"Yeshi" is still trying
to come to terms with the trauma of discovering the body of her son
being carried through the streets of the Ethiopian city of Ambo.
A 27-year-old rickshaw driver, he had been caught up in deadly protests between the police and students in the city in April.They were demonstrating about plans to extend the administrative control of the capital, Addis Ababa, into Oromia state.
Oromia is the country's largest region and
completely surrounds Addis Ababa - and some people feared they would be
forced off their land and lose their regional and cultural identity if
the plans went ahead.
The government says the "Masterplan", as it is known, would allow them to better extend city services to rural areas.However for Yeshi - who asked for her name and those of her family to be changed - the heavy-handed response by the security forces that saw her son shot in the head is hard to fathom.
She had come across a group of people carrying a body and overheard people saying it was her son, Tamiru.
Unable to recognise his features as they were too disfigured, she identified him by his "clothes and shoes".
"I think they were killing people on purpose," she told the BBC, saying that Tamiru was not directly involved in any trouble that day.
Five other young people were also killed with bullet wounds to the head, she says.
Red roses One of her other surviving sons, Ibsa, said he was unable to believe that his brother was dead and asked for the coffin to be opened.
"His head was blackened and torn apart. The bullet had gone through his temple. You couldn't identify him by his face but I recognised his body," he said.
"He was a very good boy, level-headed. He did well in his studies. Nobody has a bad word to say about him... But what good is that now?"
Three months later it was a very different atmosphere in Ambo, which is about 125km (77 miles) west of the capital and was the focal point of the protests.
When the BBC team visited, it was in the middle of the graduation season and the area around the university was full of graduates in their gowns and caps ahead of their big ceremony.
Students were posing for photographs with armfuls of red roses wrapped in cellophane and the mood was one of celebration.
Yet this was the same place - the main entrance to Ambo University - where witnesses say the protesters and police clashed in April.
The government says that 17 lives were lost in the violence. Opposition, human rights groups and some eyewitnesses say the figure is much higher.
'Rabble rousers' Ethiopia's Information Minister Redwan Hussein old the BBC the dead included five students and 12 civilians and strongly denies that the government was responsible for any of the violence.
The protest was hijacked by "rabble rousers" with a political age
nda - "hell-bent on raising havoc", he said.
"They were shooting, they had guns - ammunitions," Mr Redwan said.

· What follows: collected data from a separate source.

(* Let $n=2m+2$ with $m\ge0$, let $a,b,c,d\in\mathbb{C}$, and suppose $T_n$ (degree $n$) and $U_{n-2}$ (degree at most $n-2$) satisfy $T_n^2-HU_{n-2}^2=1$ with $$T_n(z)=1-\frac{2(z-c)(z-d)\prod_{j=1}^m(z-x_j)^2}{(a-c)(a-d)\prod_{j=1}^m(a-x_j)^2}=-1+\frac{2(z-a)(z-b)\prod_{j=1}^m(z-y_j)^2}{(c-a)(c-b)\prod_{j=1}^m(c-y_j)^2}$$ for some $x_1,\dots,x_m,y_1,\dots,y_m\in\mathbb{C}$. Put $s_k:=\tfrac12\bigl(a^k-b^k+c^k+d^k\bigr)$, $k=1,\dots,2m+1$, and form $F_k,\mathbf F,\mathbf F_i$ with $\nu=m+1$, $\mu=m$. Then $\det\mathbf F\ne0$ and $x_1,\dots,x_m$ (with multiplicity) are exactly the zeros of $$x^{m}\det\mathbf F+x^{m-1}\det\mathbf F_1+\dots+x\det\mathbf F_{m-1}+\det\mathbf F_m.$$
   Context: $H(z)=(z-a)(z-b)(z-c)(z-d)$. Given complex numbers $s_1,s_2,\dots$: $F_0:=1$, $F_k:=0$ for $k<0$, and for $k\ge1$, $F_k:=\frac{(-1)^k}{k!}\det M_k$ where $M_k$ is the $k\times k$ matrix with entry $s_{i-j+1}$ for $j\le i$, entry $i$ at position $(i,i+1)$, and $0$ elsewhere. For integers $\nu\ge0,\mu\ge0$, $\mathbf F$ is the $\mu\times\mu$ matrix with $(i,j)$ entry $F_{\nu+i-j}$, and $\mathbf F_i$ ($1\le i\le\mu$) is $\mathbf F$ with its $i$-th column replaced by $(-F_{\nu+1},\dots,-F_{\nu+\mu})^T$. Convention: if $\mu=0$, $\det\mathbf F:=1$. *)

theory Defs
  imports "HOL-Computational_Algebra.Polynomial" "Jordan_Normal_Form.Determinant"
begin

definition Hpoly :: "complex \<Rightarrow> complex \<Rightarrow> complex \<Rightarrow> complex \<Rightarrow> complex poly" where
  "Hpoly a b c d = [:-a, 1:] * [:-b, 1:] * [:-c, 1:] * [:-d, 1:]"

definition Mmat :: "(nat \<Rightarrow> complex) \<Rightarrow> nat \<Rightarrow> complex mat" where
  "Mmat s k = mat k k (\<lambda>(i, j). if j \<le> i then s (i - j + 1)
                                 else if j = i + 1 then of_nat (i + 1) else 0)"

definition Fk :: "(nat \<Rightarrow> complex) \<Rightarrow> int \<Rightarrow> complex" where
  "Fk s k = (if k < 0 then 0 else if k = 0 then 1
             else (-1) ^ nat k / fact (nat k) * det (Mmat s (nat k)))"

definition Fmat :: "(nat \<Rightarrow> complex) \<Rightarrow> nat \<Rightarrow> nat \<Rightarrow> complex mat" where
  "Fmat s \<nu> \<mu> = mat \<mu> \<mu> (\<lambda>(i, j). Fk s (int \<nu> + int i - int j))"

definition Fmat_i :: "(nat \<Rightarrow> complex) \<Rightarrow> nat \<Rightarrow> nat \<Rightarrow> nat \<Rightarrow> complex mat" where
  "Fmat_i s \<nu> \<mu> l = mat \<mu> \<mu> (\<lambda>(i, j). if j + 1 = l then - Fk s (int \<nu> + int i + 1)
                                         else Fk s (int \<nu> + int i - int j))"

end

theory Submission
  imports
    Defs
    "HOL-Computational_Algebra.Polynomial_FPS"
    "HOL-Computational_Algebra.Polynomial_Factorial"
    "HOL-Computational_Algebra.Field_as_Ring"
begin

text \<open>
  The numbers F_k are the Taylor coefficients of G(t) = exp(- \<Sum>k s_k t^k / k): expanding M_k
  along its last column gives Newton's identities. For s_k = (a^k - b^k + c^k + d^k)/2 this makes
  G(t)^2 (1 - bt) = (1 - at)(1 - ct)(1 - dt). Writing X(z) = \<Prod>(z - x_j), Y(z) = \<Prod>(z - y_j) and
  equating the two expressions for T at z = 1/t gives, for the reversed polynomials
  X~(t) = t^m X(1/t) and Y~(t) = t^m Y(1/t),
    K ((1 - at)(1 - ct)(1 - dt) X~^2 - (1 - bt) ((1 - at) Y~)^2) = 2 t^(2m+2) (1 - at),
  hence X~ G - (1 - at) Y~ vanishes to order 2m + 2: (1 - at) Y~ / X~ is a Pade approximant
  of G. The coefficients of its denominator X~ solve the system F v = -(F_(m+2), ..., F_(2m+1)),
  which is nonsingular because the approximant is unique, and Cramer's rule identifies the
  polynomial of the theorem with det F * X. Only the two representations of T and its degree
  are needed.
\<close>

definition F_series :: "(nat \<Rightarrow> complex) \<Rightarrow> complex fps" where
  "F_series s = Abs_fps (\<lambda>k. Fk s (int k))"

lemma fps_nth_F_series: "fps_nth (F_series s) k = (-1) ^ k / fact k * det (Mmat s k)"
  by (cases "k = 0") (simp_all add: F_series_def Fk_def Mmat_def)

lemma fps_nth_F_series_0 [simp]: "fps_nth (F_series s) 0 = 1"
  by (simp add: F_series_def Fk_def)

text \<open>Expanding this matrix along its last column gives Newton's identities for the F_k.\<close>

definition Mmat_last_row :: "(nat \<Rightarrow> complex) \<Rightarrow> nat \<Rightarrow> nat \<Rightarrow> complex mat" where
  "Mmat_last_row s k r = mat k k (\<lambda>(i, j).
     if i + 1 = k then s (r - j)
     else if j \<le> i then s (i - j + 1)
     else if j = i + 1 then of_nat (i + 1) else 0)"

lemma Mmat_eq_Mmat_last_row: "Mmat s k = Mmat_last_row s k k"
  unfolding Mmat_def Mmat_last_row_def by (rule eq_matI) (auto simp: Suc_diff_le)

lemma det_Mmat_last_row_1: "det (Mmat_last_row s (Suc 0) r) = s r"
proof -
  have A: "Mmat_last_row s (Suc 0) r \<in> carrier_mat 1 1" by (simp add: Mmat_last_row_def)
  show ?thesis
    by (subst laplace_expansion_column[OF A, of 0])
       (auto simp: cofactor_def Mmat_last_row_def mat_delete_def)
qed

lemma det_Mmat_last_row_Suc:
  "det (Mmat_last_row s (Suc (Suc k)) r)
     = s (r - Suc k) * det (Mmat s (Suc k)) - of_nat (Suc k) * det (Mmat_last_row s (Suc k) r)"
proof -
  let ?A = "Mmat_last_row s (Suc (Suc k)) r"
  have A: "?A \<in> carrier_mat (Suc (Suc k)) (Suc (Suc k))" by (simp add: Mmat_last_row_def)
  have minor1: "mat_delete ?A (Suc k) (Suc k) = Mmat s (Suc k)"
    unfolding Mmat_def Mmat_last_row_def mat_delete_def by (rule eq_matI) auto
  have minor2: "mat_delete ?A k (Suc k) = Mmat_last_row s (Suc k) r"
    unfolding Mmat_last_row_def mat_delete_def by (rule eq_matI) auto
  have "det ?A = (\<Sum>i<Suc (Suc k). ?A $$ (i, Suc k) * cofactor ?A i (Suc k))"
    by (rule laplace_expansion_column[OF A]) simp
  also have "\<dots> = ?A $$ (Suc k, Suc k) * cofactor ?A (Suc k) (Suc k)
      + ?A $$ (k, Suc k) * cofactor ?A k (Suc k) + (\<Sum>i<k. ?A $$ (i, Suc k) * cofactor ?A i (Suc k))"
    by (simp add: algebra_simps)
  also have "(\<Sum>i<k. ?A $$ (i, Suc k) * cofactor ?A i (Suc k)) = 0"
    by (rule sum.neutral) (auto simp: Mmat_last_row_def)
  also have "?A $$ (Suc k, Suc k) = s (r - Suc k)" by (simp add: Mmat_last_row_def)
  also have "?A $$ (k, Suc k) = of_nat (Suc k)" by (simp add: Mmat_last_row_def)
  also have "cofactor ?A (Suc k) (Suc k) = det (Mmat s (Suc k))"
    unfolding cofactor_def minor1 by (simp add: power_add[symmetric] mult_2[symmetric])
  also have "cofactor ?A k (Suc k) = - det (Mmat_last_row s (Suc k) r)"
    unfolding cofactor_def minor2 by simp
  finally show ?thesis by simp
qed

"They were attacking and fighting so it was not through the government shooting, or the police shooting that people died."
He dismissed accusations from international
human rights organisations that police and government security forces
shot at unarmed protesters.
"Whatever they said was not actually founded on facts."The students, the minister added, had a right to ask questions about the "Masterplan" and that the government was "ready to discuss" it with them.
Mathewos Asfaw, general manager of the "Masterplan", told the BBC that the demonstrators had completely misunderstood the project and that no-one would be forced off their land.
"The plan doesn't have a single concept or idea of expansion, because it's not possible to expand the city of Addis beyond the current boundary and jurisdiction."
Ethiopia is no stranger to accusations of intolerance when dealing with its critics and opposition groups.
The UN Human Rights Council recently recommended that the country improve on its media freedom and pay more attention to human rights.
Mr Redwan says he has "no objection" to the recommendations as they are already "being implemented".
This is no consolation for Yeshi, who remains dressed in traditional mourning clothes.
"I'm very sad - until now I'm not right in the head. I'm walking around like a zombie. I'm not OK."